Associate Director, Formulations and Delivery
South San Francisco, CA
About Our Client:
Our client is at the forefront of developing a non-viral gene therapy platform capable of precisely targeting various organs in the body, delivering large payloads in multiple formats without the need for invasive procedures.
Role Overview:
The successful candidate will play a crucial role within the research team, focusing on the strategic development, implementation, and oversight of pre-formulation, formulation development, tech transfer, scale-up, and manufacturing activities.

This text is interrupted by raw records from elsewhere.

lemma gamma_e_le_card:
  assumes "finite V" and "exp_dominating V E S"
  shows "gamma_e V E \<le> card S"
proof -
  have "{card S | S. exp_dominating V E S} \<subseteq> card ` Pow V"
    unfolding exp_dominating_def by blast
  then have "finite {card S | S. exp_dominating V E S}"
    using assms(1) finite_subset by blast
  then show ?thesis unfolding gamma_e_def using assms(2) by (blast intro: Min_le)
qed

section \<open>Random non-backtracking walks in cubic graphs\<close>

locale cubic_girth_graph = girth_graph +
  assumes cubic: "cubic V E"
begin

definition neighbours :: "'a \<Rightarrow> 'a set" where
  "neighbours x = {y \<in> V. E x y}"

text \<open>Walks are stored backwards: \<open>hd ws\<close> is the current end and \<open>hd (tl ws)\<close> the vertex
  visited just before it.\<close>

definition successors :: "'a list \<Rightarrow> 'a set" where
  "successors ws = {y \<in> V. E (hd ws) y \<and> y \<noteq> hd (tl ws)}"

lemma finite_neighbours: "finite (neighbours x)"
  using finite_V by (simp add: neighbours_def)

lemma finite_successors: "finite (successors ws)"
  using finite_V by (simp add: successors_def)

lemma card_neighbours: "x \<in> V \<Longrightarrow> card (neighbours x) = 3"
  using cubic by (simp add: cubic_def neighbours_def)

lemma nb_walk_start: "w \<in> neighbours u \<Longrightarrow> nb_walk [w, u]"
  unfolding nb_walk_def neighbours_def using simple
  by (auto simp: less_Suc_eq nth_Cons' simple_graph_def)
definition occd :: "('x, 'a) mdp \<Rightarrow> ('x, 'a) policy \<Rightarrow> nat \<Rightarrow> 'x \<times> 'a \<Rightarrow> real" where
  "occd M \<pi> h xa = pmf (occ M \<pi> h) xa"

definition occd_mix :: "('x, 'a) mdp \<Rightarrow> ('x, 'a) policy pmf \<Rightarrow> nat \<Rightarrow> 'x \<times> 'a \<Rightarrow> real" where
  "occd_mix M p h xa = measure_pmf.expectation p (\<lambda>\<pi>. occd M \<pi> h xa)"

definition expect :: "('x, 'a) mdp \<Rightarrow> ('x, 'a) policy \<Rightarrow> nat \<Rightarrow> ('x \<times> 'a \<Rightarrow> real) \<Rightarrow> real" where
  "expect M \<pi> h f = measure_pmf.expectation (occ M \<pi> h) f"

definition Psi :: "('x, 'a) mdp \<Rightarrow> ('x, 'a) policy set \<Rightarrow> nat \<Rightarrow> real \<Rightarrow> ('x, 'a) policy pmf \<Rightarrow> real" where
  "Psi M Pol h \<epsilon> p = (SUP \<pi>\<in>Pol. expect M \<pi> h
      (\<lambda>xa. occd M \<pi> h xa / (occd_mix M p h xa + \<epsilon> * occd M \<pi> h xa)))"

text \<open>C^M_{infty;h}(mu) = sup_{pi in Pol} sup_{(x,a)} d^{M,pi}_h(x,a) / mu(x,a), valued in
  the extended reals (a positive quantity over 0 is +infinity, 0/0 = 0).\<close>
definition ratio_ereal :: "real \<Rightarrow> real \<Rightarrow> ereal" where
  "ratio_ereal a b = (if b = 0 then (if a = 0 then 0 else \<infinity>) else ereal (a / b))"

definition Cinf :: "('x, 'a) mdp \<Rightarrow> ('x, 'a) policy set \<Rightarrow> nat \<Rightarrow> ('x \<times> 'a) pmf \<Rightarrow> ereal" where
  "Cinf M Pol h \<mu> = (SUP \<pi>\<in>Pol. SUP xa. ratio_ereal (occd M \<pi> h xa) (pmf \<mu> xa))"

This leadership position will also involve building and managing the formulation team while closely collaborating with cross-functional teams to ensure resource alignment and drive the advancement of the company’s research portfolio.
Key Responsibilities:
- Lead efforts in formulation, bioconjugate development, and process optimization for in-house and CDMO (Contract Development and Manufacturing Organization) manufacturing.
- Design and conduct formulation tests, stability studies, and develop analytical methods to support the product’s lifecycle.
- Oversee the technical transfer of manufacturing processes to commercial production facilities.
- Identify, evaluate, and manage external partners, including CROs (Contract Research Organizations) and CDMOs, to extend internal capabilities.
- Contribute to regulatory submissions by authoring technical sections and supporting global filings.
- Prepare and present technical reports and updates in various internal and external meetings.
- Mentor, train, and guide research staff, fostering a culture of continuous learning and professional growth.
- Promote a collaborative and inclusive team culture that values open communication, innovation, and high standards of excellence.
Qualifications:
- PhD in Chemical Engineering, Bioengineering, or a related field with 8+ years of progressive experience, or MS (or equivalent) with 12+ years of relevant experience.
- Proven expertise in the formulation and scale-up of gene therapy payloads and/or ultrasound contrast agents like microbubbles and nanobubbles.
- In-depth experience with equipment and processes commonly utilized in gene delivery formulations.
- Strong leadership skills with a strategic mindset to set and accomplish research goals within a diverse team environment.
- Excellent project management and communication abilities.
- Ability to excel in a dynamic, fast-paced setting, maintaining flexibility, initiative, and efficiency.
- Experience in authoring, reviewing, and finalizing CMC (Chemistry, Manufacturing, and Controls) sections of regulatory documents from early-stage development to commercial launch.
Compensation:
The salary range for this position is $170,000.00 to $215,000.00 USD annually.